Они совершают свои нападения ночью. Совершив, они, конечно, если не все, то некоторые приедут сюда, где до позднего утра, очевидно, уж пробудут. А к этому времени, даже ранее, часам к двум-трем ночи, я подоспею сюда с моими молодцами.
«Не уйдут, не уйдут от меня!» – радостно проносилось в голове.
И я бодро и решительно отправился в обратный путь.
Мысль о том эффекте, который произведет на всех столь скорая поимка шайки Стеньки Разина, влила в меня новые силы.
А как они были необходимы для моего путешествия!
Оно поистине было адское. Тьма, дождь, отвратительно холодный, осенний дождь, грязь по колено, порывистый, ледяной ветер.
В ногах – страшное утомление, но на душе – светло и хорошо.
Пройдя версты три, я с радостью услышал за собою скрип колес.
Оглянулся. Слава Богу, тянутся три телеги-подводы, нагруженные кирпичом.
Когда возницы поравнялись со мной, я обратился к одному из них:
– Братцы, смерть устал… Не подвезете ли до заставы? А я вам на штоф водки дам. Вот деньги.
– Што ж, эфто можно… Садись… отчего же… Давай деньги-то… – загалдели обрадованные мужики.
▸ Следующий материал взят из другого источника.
(* Fix $n>K\ge1$ and a nonrandom $n\times K$ design matrix $\mathbf{X}$ with rows $\mathbf{x}_i$ satisfying $\mathbf{X}^t\mathbf{X}=n\mathbf{I}$. Suppose $Y_i=\mathbf{x}_i^t\boldsymbol{\beta}_0+\varepsilon_i$, $i=1,\dots,n$, where $\varepsilon_i$ are i.i.d. $N(0,\sigma_0^2)$, $\sigma_0^2>0$, and $\boldsymbol{\beta}_0\in\mathbb{R}^K$ has $k_0$ nonzero coordinates with $1\le k_0<K$. Consider the rescaled spike and slab model with $\lambda_n=n$, with $\sigma^2\equiv1$ (i.e. $\mu\{\sigma^2=1\}=1$) and with $\boldsymbol{\beta}\sim N(\mathbf{0},\boldsymbol{\Gamma}_0)$, $\boldsymbol{\Gamma}_0=\mathrm{diag}(\gamma_{1,0},\dots,\gamma_{K,0})$, for a fixed hypervariance vector $\boldsymbol{\gamma}_0$ with positive entries. Then for each $0<\delta<1/2$ there exists such a $\boldsymbol{\gamma}_0$ for which $\mathcal{R}_Z(\alpha)<\mathcal{R}_O(\alpha)$ for all $\alpha\in[\delta,1-\delta]$.
   Context: Let $\mathbf{Y}=(Y_1,\dots,Y_n)^t$, $\widehat{\boldsymbol{\beta}}_n^\circ=(\mathbf{X}^t\mathbf{X})^{-1}\mathbf{X}^t\mathbf{Y}=(\widehat\beta_{1,n}^\circ,\dots,\widehat\beta_{K,n}^\circ)^t$ (OLS) and $\widehat\sigma_n^2=\|\mathbf{Y}-\mathbf{X}\widehat{\boldsymbol{\beta}}_n^\circ\|^2/(n-K)$. Rescaled spike and slab model: $Y_i^*=\widehat\sigma_n^{-1}n^{1/2}Y_i$, and as data $\mathbf{Y}^*$ is modeled by $(Y_i^*\mid\boldsymbol{\beta},\sigma^2)$ independent $N(\mathbf{x}_i^t\boldsymbol{\beta},\sigma^2\lambda_n)$, with the stated priors on $\boldsymbol{\beta}$ and $\sigma^2$; $\widehat{\boldsymbol{\beta}}_n^*=(\widehat\beta_{1,n}^*,\dots,\widehat\beta_{K,n}^* )^t$ is the posterior mean of $\boldsymbol{\beta}$ given $\mathbf{Y}^*$. Let $s_{kk}$ be the $k$th diagonal entry of $(\mathbf{X}^t\mathbf{X}/n)^{-1}$ and $\widehat Z_{k,n}=n^{1/2}\widehat\beta_{k,n}^\circ/(\widehat\sigma_n s_{kk}^{1/2})$. Let $z_{\alpha/2}$ be the $100(1-\alpha/2)$ percentile of the standard normal distribution, and $\mathcal{B}_0=\{k:\beta_{k,0}=0\}$. Define $\mathcal{R}_Z(\alpha)=\sum_{k\in\mathcal{B}_0}\mathbb{P}\{|\widehat\beta_{k,n}^*|\ge z_{\alpha/2}\}+\sum_{k\notin\mathcal{B}_0}\mathbb{P}\{|\widehat\beta_{k,n}^*|<z_{\alpha/2}\}$ and $\mathcal{R}_O(\alpha)=\sum_{k\in\mathcal{B}_0}\mathbb{P}\{|\widehat Z_{k,n}|\ge z_{\alpha/2}\}+\sum_{k\notin\mathcal{B}_0}\mathbb{P}\{|\widehat Z_{k,n}|<z_{\alpha/2}\}$, probabilities taken under the true model. *)

theory Defs
  imports "HOL-Probability.Probability"
begin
С каким восторгом я взгромоздился на воз! Кирпичи мне казались мягче пуха!
Началась бесконечная, шагом, езда. Один из словоохотливых ломовых расспрашивал меня, кто я, откуда пробираюсь.
Я врал с три короба.
Наконец моя пытка кончилась. Вот и застава! С каким умилением взглянул я на нее!
Поблагодарив мужиков, я прошел несколько улиц и скоро напал на мирно дремавшего возницу.
Через три четверти часа я входил в часть.
План облавы
– Ну, что нового и утешительного, Путилин, принесли вы? – нервно и поспешно спросил меня пристав, лишь только он узнал о моем прибытии.
Каюсь: я решил его помучить и до поры до времени не выкладывать ему всего.
– На кое-какие следы напал, хотя ничего особенно важного…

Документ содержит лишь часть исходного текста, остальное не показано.